Run your experiment:
The UI will automatically discover your new experiment. Highlight it in the list and press Enter to run it.
Option 2: The Python Library (Programmatic Workflow)
Use the library directly in your Python scripts for advanced use cases and integrations.
from crystallize import (
Experiment,
Pipeline,
Treatment,
Hypothesis,
SeedPlugin,
ParallelExecution,
)
# Define your datasource, pipeline, treatments, etc.

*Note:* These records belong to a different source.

lemma in_tile_exists:
  assumes "0 \<le> u" "u < 1"
  shows "\<exists>e. in_tile x u e"
proof -
  obtain K where "mass_below x K = 1" using mass_below_eq_1 by blast
  then have "u < mass_below x (Suc K)" using assms mass_below_mono[of K "Suc K" x] by simp
  define k where "k = (LEAST l. u < mass_below x (Suc l))"
  have k: "u < mass_below x (Suc k)"
    unfolding k_def by (rule LeastI) fact
  have "mass_below x k \<le> u"
  proof (cases k)
    case (Suc l)
    then have "\<not> u < mass_below x (Suc l)"
      unfolding k_def by (intro not_less_Least) (simp add: k_def[symmetric])
    then show ?thesis using Suc by simp
  qed (use assms in simp)
  have "k \<in> range (to_nat :: 'e \<Rightarrow> nat)"
  proof (rule ccontr)
    assume "k \<notin> range (to_nat :: 'e \<Rightarrow> nat)"
    then have "mass_below x (Suc k) = mass_below x k" by (rule mass_below_Suc_not_to_nat)
    with k \<open>mass_below x k \<le> u\<close> show False by simp
  qed
  then obtain e :: 'e where "k = to_nat e" by blast
  then show ?thesis
    using k(1) \<open>mass_below x k \<le> u\<close> by (auto simp: in_tile_def mass_below_Suc_to_nat)
qed

lemma in_tile_unique: "in_tile x u e \<Longrightarrow> in_tile x u e' \<Longrightarrow> e = e'"
proof (rule ccontr)
  have less: False if "in_tile x u e1" "in_tile x u e2" "to_nat e1 < to_nat e2" for e1 e2
  proof -
    have "mass_below x (to_nat e1) + p e1 x \<le> mass_below x (to_nat e2)"
      using mass_below_mono[of "Suc (to_nat e1)" "to_nat e2" x] that(3)
      by (simp add: mass_below_Suc_to_nat)
    then show False using that(1,2) by (simp add: in_tile_def)
  qed
  assume "in_tile x u e" "in_tile x u e'" "e \<noteq> e'"
  then show False
    using less[of e e'] less[of e' e] by (metis linorder_neqE_nat to_nat_split)
qed

definition pick :: "'a \<Rightarrow> real \<Rightarrow> 'e" where
  "pick x u = (THE e. in_tile x u e)"

lemma in_tile_pick: "0 \<le> u \<Longrightarrow> u < 1 \<Longrightarrow> in_tile x u (pick x u)"
  unfolding pick_def by (rule theI') (use in_tile_exists in_tile_unique in blast)

lemma pick_eqI: "0 \<le> u \<Longrightarrow> u < 1 \<Longrightarrow> in_tile x u e \<Longrightarrow> pick x u = e"
  using in_tile_pick in_tile_unique by blast

text \<open>After drawing \<open>e = pick x u\<close>, the position of \<open>u\<close> inside the tile of \<open>e\<close>,
  rescaled to \<open>[0, 1)\<close>, is again uniform and draws the rest of the path.\<close>

fun sample :: "'a \<Rightarrow> real \<Rightarrow> nat \<Rightarrow> 'e list" where
  "sample x u 0 = []"
| "sample x u (Suc n) =
     pick x u # sample (w (pick x u) x) ((u - mass_below x (to_nat (pick x u))) / p (pick x u) x) n"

pipeline = Pipeline([...])
datasource = DataSource(...)
treatment = Treatment(...)
hypothesis = Hypothesis(...)
# Build and run the experiment programmatically
experiment = Experiment(
datasource=datasource,
pipeline=pipeline,
plugins=[SeedPlugin(seed=42), ParallelExecution(max_workers=4)],
)
result = experiment.run(
treatments=[treatment],
hypotheses=[hypothesis],
replicates=10,
)
print(result.metrics)
Command Line Interface
The crystallize command opens a terminal UI for browsing and executing experiments. Highlight an experiment or graph to view its details and press Enter to run it. The details panel includes a live config editor so you can adjust values directly in config.yaml.

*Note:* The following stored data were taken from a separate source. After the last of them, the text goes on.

(* (Strong Laurent phenomenon.) For any $m\in\mathbb{Z}$, $$\mathcal{A}(P_1,P_2)=\bigcap_{k\in\mathbb{Z}}\mathcal{T}_k=\bigcap_{k=m-1}^{m+1}\mathcal{T}_k,$$ the intersections taken in $\Bbbk(x_1,x_2)$.
   Context: $\Bbbk$ is a field of characteristic zero and $P_1,P_2\in\Bbbk[z]$ are monic palindromic polynomials of degrees $d_1,d_2\ge0$ (palindromic: $P(z)=z^dP(z^{-1})$ for $d=\deg P$). With $x_1,x_2$ commuting indeterminates, define $x_k\in\Bbbk(x_1,x_2)$ for all $k\in\mathbb{Z}$ by $x_{k+1}x_{k-1}=P_1(x_k)$ if $k$ is even and $x_{k+1}x_{k-1}=P_2(x_k)$ if $k$ is odd. $\underline\Bbbk$ is the $\mathbb{Z}$-subalgebra of $\Bbbk$ generated by the coefficients of $P_1,P_2$; $\mathcal{A}(P_1,P_2)$ is the $\underline\Bbbk$-subalgebra of $\Bbbk(x_1,x_2)$ generated by all $x_k$; $\mathcal{T}_k=\underline\Bbbk[x_k^{\pm1},x_{k+1}^{\pm1}]$. *)

theory Defs
  imports "HOL-Computational_Algebra.Polynomial" "HOL-Computational_Algebra.Fraction_Field"
begin

text \<open>The field of rational functions k(x1,x2), realised as the fraction field of
  k[x1][x2] (outer polynomial variable = x2, inner = x1).\<close>
type_synonym 'k ratfun2 = "'k poly poly fract"

definition const2 :: "'k::field \<Rightarrow> 'k ratfun2" where
  "const2 c = Fract [:[:c:]:] 1"

definition X1 :: "'k::field ratfun2" where
  "X1 = Fract [:[:0, 1:]:] 1"

definition X2 :: "'k::field ratfun2" where
  "X2 = Fract [:0, 1:] 1"

definition evalP :: "'k::field poly \<Rightarrow> 'k ratfun2 \<Rightarrow> 'k ratfun2" where
  "evalP P y = poly (map_poly const2 P) y"

text \<open>Palindromic: P(z) = z^d P(1/z) with d = deg P, i.e. symmetric coefficients.\<close>
definition palindromic :: "'k::field poly \<Rightarrow> bool" where
  "palindromic P \<longleftrightarrow> (\<forall>i\<le>degree P. coeff P i = coeff P (degree P - i))"

inductive_set ring_gen :: "'a::comm_ring_1 set \<Rightarrow> 'a set" for S where
  one: "1 \<in> ring_gen S"
| gen: "s \<in> S \<Longrightarrow> s \<in> ring_gen S"
| add: "a \<in> ring_gen S \<Longrightarrow> b \<in> ring_gen S \<Longrightarrow> a + b \<in> ring_gen S"
| neg: "a \<in> ring_gen S \<Longrightarrow> - a \<in> ring_gen S"
| mult: "a \<in> ring_gen S \<Longrightarrow> b \<in> ring_gen S \<Longrightarrow> a * b \<in> ring_gen S"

Experiments can define a cli section in config.yaml to control grouping and style:
cli:
group: 'Data Preprocessing'
priority: 1
icon: '📊'
color: '#85C1E9'
hidden: false
You can also run experiments without the UI:
python -m experiments.<experiment_name>.main
Project Structure
crystallize/
├── datasources/
├── experiments/
├── pipelines/
├── plugins/
└── utils/
Key classes and decorators are re-exported in :mod:crystallize for concise imports:
from crystallize import Experiment, Pipeline, ArtifactPlugin
This layout keeps implementation details organized while exposing a clean, flat public API.
Roadmap
- Advanced features: Adaptive experimentation, intelligent meta-learning
- Collaboration: Experiment sharing, templates, and community contributions
Contributing
Contributions are very welcome! Please see CONTRIBUTING.md for guidelines.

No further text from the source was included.